(* Let $A\in\mathbb{R}^{m\times n}$, let $A^\dagger\in\mathbb{R}^{n\times m}$ be its Moore–Penrose pseudoinverse, and let $\|\cdot\|$ denote the Frobenius norm. (i) The problem $\min_{X\in\mathbb{R}^{n\times m}} \tfrac12\|X\|^2$ subject to $A^\top = A^\top A X$ is equivalent to (has the same $X$-solution as) the problem $\min_{X,\Gamma}\tfrac12\|X-A^\dagger\|^2$ subject to $X = A^\top A\Gamma$. (ii) For any $X_k\in\mathbb{R}^{n\times m}$ and any $S\in\mathbb{R}^{m\times\tau}$ ($\tau$ any positive integer), the problem $$X_{k+1} = \arg\min_X \tfrac12\|X-X_k\|^2 \quad\text{subject to}\quad S^\top A^\top = S^\top A^\top A X$$ is equivalent to (has the same $X$-solution as) the problem $\min_{X,\Gamma}\tfrac12\|X-A^\dagger\|^2$ subject to $X = X_k + A^\top A S\Gamma$. (iii) The solution of the problem in (ii) is given explicitly by $$X_{k+1} = X_k - A^\top A S\,(S^\top A^\top A A^\top A S)^\dagger S^\top A^\top (A X_k - I).$$
   Context: For a real matrix $M$, $M^\dagger$ denotes its Moore–Penrose pseudoinverse. The Frobenius inner product is $\langle X,Y\rangle=\mathrm{Tr}(X^\top Y)$ and $\|X\|=\sqrt{\mathrm{Tr}(X^\top X)}$. *)

theory Defs
  imports "HOL-Analysis.Analysis"
begin

definition frob_norm :: "real^'n^'m \<Rightarrow> real" where
  "frob_norm X = sqrt (trace (transpose X ** X))"

definition is_mp_pinv :: "real^'n^'m \<Rightarrow> real^'m^'n \<Rightarrow> bool" where
  "is_mp_pinv A X \<longleftrightarrow> A ** X ** A = A \<and> X ** A ** X = X \<and>
     transpose (A ** X) = A ** X \<and> transpose (X ** A) = X ** A"

definition pinv :: "real^'n^'m \<Rightarrow> real^'m^'n" where
  "pinv A = (THE X. is_mp_pinv A X)"

end

theory Submission
  imports Defs
begin

(*
  Each problem minimises a squared distance to a centre over an affine set, and a point of the
  set is its unique minimiser once its displacement from the centre is orthogonal to the set
  (Pythagoras).  For a matrix M the affine sets {X. M\<^sup>T X = M\<^sup>T B} and C + range M meet
  orthogonally, so a point lying in both minimises the distance to C over the first and the
  distance to B over the second.  Take B = A\<^sup>\<dagger>, which satisfies A\<^sup>T A A\<^sup>\<dagger> = A\<^sup>T and lies in
  range (A\<^sup>T A).  For (i), M = A\<^sup>T A and A\<^sup>\<dagger> itself lies in both sets.  For (ii) and (iii),
  M = A\<^sup>T A S and the common point is X\<^sub>k + M (M\<^sup>T M)\<^sup>\<dagger> M\<^sup>T (A\<^sup>\<dagger> - X\<^sub>k), because M (M\<^sup>T M)\<^sup>\<dagger> M\<^sup>T
  is the orthogonal projection onto range M.  The pseudoinverse exists since the normal
  equations A\<^sup>T A G = A\<^sup>T are solvable.
*)

lemma frob_norm_eq_norm: "frob_norm (X::real^'n^'m) = norm X"
proof -
  have "trace (transpose X ** X) = X \<bullet> X"
    unfolding trace_def inner_vec_def matrix_matrix_mult_def transpose_def
    by simp (subst sum.swap, simp)
  then show ?thesis by (simp add: frob_norm_def norm_eq_sqrt_inner)
qed

lemma inner_matrix_mult_transpose:
  "((B::real^'k^'m) ** (X::real^'n^'k)) \<bullet> Y = X \<bullet> (transpose B ** Y)"
proof -
  have "(B ** X) \<bullet> Y = (\<Sum>i\<in>UNIV. \<Sum>k\<in>UNIV. \<Sum>j\<in>UNIV. B$i$j * X$j$k * Y$i$k)"
    unfolding inner_vec_def matrix_matrix_mult_def
    by (simp add: sum_distrib_right)
  also have "\<dots> = (\<Sum>i\<in>UNIV. \<Sum>j\<in>UNIV. \<Sum>k\<in>UNIV. B$i$j * X$j$k * Y$i$k)"
    by (rule sum.cong[OF refl], rule sum.swap)
  also have "\<dots> = (\<Sum>j\<in>UNIV. \<Sum>i\<in>UNIV. \<Sum>k\<in>UNIV. B$i$j * X$j$k * Y$i$k)"
    by (rule sum.swap)
  also have "\<dots> = (\<Sum>j\<in>UNIV. \<Sum>k\<in>UNIV. \<Sum>i\<in>UNIV. B$i$j * X$j$k * Y$i$k)"
    by (rule sum.cong[OF refl], rule sum.swap)
  also have "\<dots> = X \<bullet> (transpose B ** Y)"
    unfolding inner_vec_def matrix_matrix_mult_def transpose_def
    by (simp add: sum_distrib_left mult_ac)
  finally show ?thesis .
qed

----------

-- Your goal --
Starting with the first line of the data above, copy each line exactly until you reach the line with "transpose (A **"; include that line as well.

-- Task response --
(* Let $A\in\mathbb{R}^{m\times n}$, let $A^\dagger\in\mathbb{R}^{n\times m}$ be its Moore–Penrose pseudoinverse, and let $\|\cdot\|$ denote the Frobenius norm. (i) The problem $\min_{X\in\mathbb{R}^{n\times m}} \tfrac12\|X\|^2$ subject to $A^\top = A^\top A X$ is equivalent to (has the same $X$-solution as) the problem $\min_{X,\Gamma}\tfrac12\|X-A^\dagger\|^2$ subject to $X = A^\top A\Gamma$. (ii) For any $X_k\in\mathbb{R}^{n\times m}$ and any $S\in\mathbb{R}^{m\times\tau}$ ($\tau$ any positive integer), the problem $$X_{k+1} = \arg\min_X \tfrac12\|X-X_k\|^2 \quad\text{subject to}\quad S^\top A^\top = S^\top A^\top A X$$ is equivalent to (has the same $X$-solution as) the problem $\min_{X,\Gamma}\tfrac12\|X-A^\dagger\|^2$ subject to $X = X_k + A^\top A S\Gamma$. (iii) The solution of the problem in (ii) is given explicitly by $$X_{k+1} = X_k - A^\top A S\,(S^\top A^\top A A^\top A S)^\dagger S^\top A^\top (A X_k - I).$$
   Context: For a real matrix $M$, $M^\dagger$ denotes its Moore–Penrose pseudoinverse. The Frobenius inner product is $\langle X,Y\rangle=\mathrm{Tr}(X^\top Y)$ and $\|X\|=\sqrt{\mathrm{Tr}(X^\top X)}$. *)

theory Defs
  imports "HOL-Analysis.Analysis"
begin

definition frob_norm :: "real^'n^'m \<Rightarrow> real" where
  "frob_norm X = sqrt (trace (transpose X ** X))"

definition is_mp_pinv :: "real^'n^'m \<Rightarrow> real^'m^'n \<Rightarrow> bool" where
  "is_mp_pinv A X \<longleftrightarrow> A ** X ** A = A \<and> X ** A ** X = X \<and>
     transpose (A ** X) = A ** X \<and> transpose (X ** A) = X ** A"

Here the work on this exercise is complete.